──────── Recorded information
(* Let $q=p^n$, $p>2$ prime, $g\ge1$ with $\gcd(p,g)=1$, and let $C: y^2=x^{2g+1}+ax^{g+1}+bx$ be a genus $g$ hyperelliptic curve over $\mathbb{F}_q$ ($b\ne0$). Let $m=\frac{p-1}{2}$, let $W=(w_{i,j}(a,b))_{1\le i,j\le g}$ be the Cartier–Manin matrix of $C$, and fix $\sqrt b\in\mathbb{F}_{q^2}$. Then for $1\le i,j\le g$: 1. if $ip-j\equiv m\pmod g$, then $$w_{i,j}(a,b)=\sqrt{b}^{\,2m+\frac{m-(ip-j)}{g}}\; w_{i,j}\!\left(\tfrac{a}{\sqrt b},1\right)=\sqrt{b}^{\,2m+\frac{m-(ip-j)}{g}}\;P_{\frac{ip-j}{g}-\frac{p-1}{2g}}\!\left(-\frac{a}{2\sqrt b}\right),$$ where $w_{i,j}(\frac{a}{\sqrt b},1)$ denotes the corresponding entry of the Cartier–Manin matrix of $y^2=x^{2g+1}+\frac{a}{\sqrt b}x^{g+1}+x$, and the equality holds in $\mathbb{F}_{q^2}$ (and the value lies in $\mathbb{F}_q$); 2. otherwise $w_{i,j}(a,b)=0$.
   Context: For a hyperelliptic curve $y^2=f(x)$ with $f$ monic of degree $2g+1$ over a field of characteristic $p>2$, write $f(x)^{(p-1)/2}=\sum_k c_k x^k$; the Cartier–Manin matrix is $W=(w_{i,j})_{1\le i,j\le g}$ with $w_{i,j}=c_{ip-j}$. $P_n$ denotes the $n$-th Legendre polynomial (its coefficients have only powers of 2 in denominators, so it is reduced modulo $p$). The notation $\sqrt b^{\,e}$ means the $e$-th power of the fixed element $\sqrt b$ (here $e$ is an integer). *)

theory Defs
  imports "HOL-Computational_Algebra.Polynomial" "HOL-Number_Theory.Cong" "HOL-Library.Cardinality"
begin

definition hyp_poly :: "nat \<Rightarrow> 'a::comm_ring_1 \<Rightarrow> 'a \<Rightarrow> 'a poly" where
  "hyp_poly g a b = monom 1 (2*g+1) + monom a (g+1) + monom b 1"

definition cm_coeff :: "nat \<Rightarrow> 'a::comm_ring_1 poly \<Rightarrow> int \<Rightarrow> 'a" where
  "cm_coeff p f k = (if k < 0 then 0 else coeff (f ^ ((p - 1) div 2)) (nat k))"

definition cartier_manin_entry :: "nat \<Rightarrow> 'a::comm_ring_1 poly \<Rightarrow> nat \<Rightarrow> nat \<Rightarrow> 'a" where
  "cartier_manin_entry p f i j = cm_coeff p f (int i * int p - int j)"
────────────────
▶ Your objective
Output the data above exactly, please, line for line.

▶ Response box
(* Let $q=p^n$, $p>2$ prime, $g\ge1$ with $\gcd(p,g)=1$, and let $C: y^2=x^{2g+1}+ax^{g+1}+bx$ be a genus $g$ hyperelliptic curve over $\mathbb{F}_q$ ($b\ne0$). Let $m=\frac{p-1}{2}$, let $W=(w_{i,j}(a,b))_{1\le i,j\le g}$ be the Cartier–Manin matrix of $C$, and fix $\sqrt b\in\mathbb{F}_{q^2}$. Then for $1\le i,j\le g$: 1. if $ip-j\equiv m\pmod g$, then $$w_{i,j}(a,b)=\sqrt{b}^{\,2m+\frac{m-(ip-j)}{g}}\; w_{i,j}\!\left(\tfrac{a}{\sqrt b},1\right)=\sqrt{b}^{\,2m+\frac{m-(ip-j)}{g}}\;P_{\frac{ip-j}{g}-\frac{p-1}{2g}}\!\left(-\frac{a}{2\sqrt b}\right),$$ where $w_{i,j}(\frac{a}{\sqrt b},1)$ denotes the corresponding entry of the Cartier–Manin matrix of $y^2=x^{2g+1}+\frac{a}{\sqrt b}x^{g+1}+x$, and the equality holds in $\mathbb{F}_{q^2}$ (and the value lies in $\mathbb{F}_q$); 2. otherwise $w_{i,j}(a,b)=0$.
   Context: For a hyperelliptic curve $y^2=f(x)$ with $f$ monic of degree $2g+1$ over a field of characteristic $p>2$, write $f(x)^{(p-1)/2}=\sum_k c_k x^k$; the Cartier–Manin matrix is $W=(w_{i,j})_{1\le i,j\le g}$ with $w_{i,j}=c_{ip-j}$. $P_n$ denotes the $n$-th Legendre polynomial (its coefficients have only powers of 2 in denominators, so it is reduced modulo $p$). The notation $\sqrt b^{\,e}$ means the $e$-th power of the fixed element $\sqrt b$ (here $e$ is an integer). *)

theory Defs
  imports "HOL-Computational_Algebra.Polynomial" "HOL-Number_Theory.Cong" "HOL-Library.Cardinality"
begin

definition hyp_poly :: "nat \<Rightarrow> 'a::comm_ring_1 \<Rightarrow> 'a \<Rightarrow> 'a poly" where
  "hyp_poly g a b = monom 1 (2*g+1) + monom a (g+1) + monom b 1"

definition cm_coeff :: "nat \<Rightarrow> 'a::comm_ring_1 poly \<Rightarrow> int \<Rightarrow> 'a" where
  "cm_coeff p f k = (if k < 0 then 0 else coeff (f ^ ((p - 1) div 2)) (nat k))"

definition cartier_manin_entry :: "nat \<Rightarrow> 'a::comm_ring_1 poly \<Rightarrow> nat \<Rightarrow> nat \<Rightarrow> 'a" where
  "cartier_manin_entry p f i j = cm_coeff p f (int i * int p - int j)"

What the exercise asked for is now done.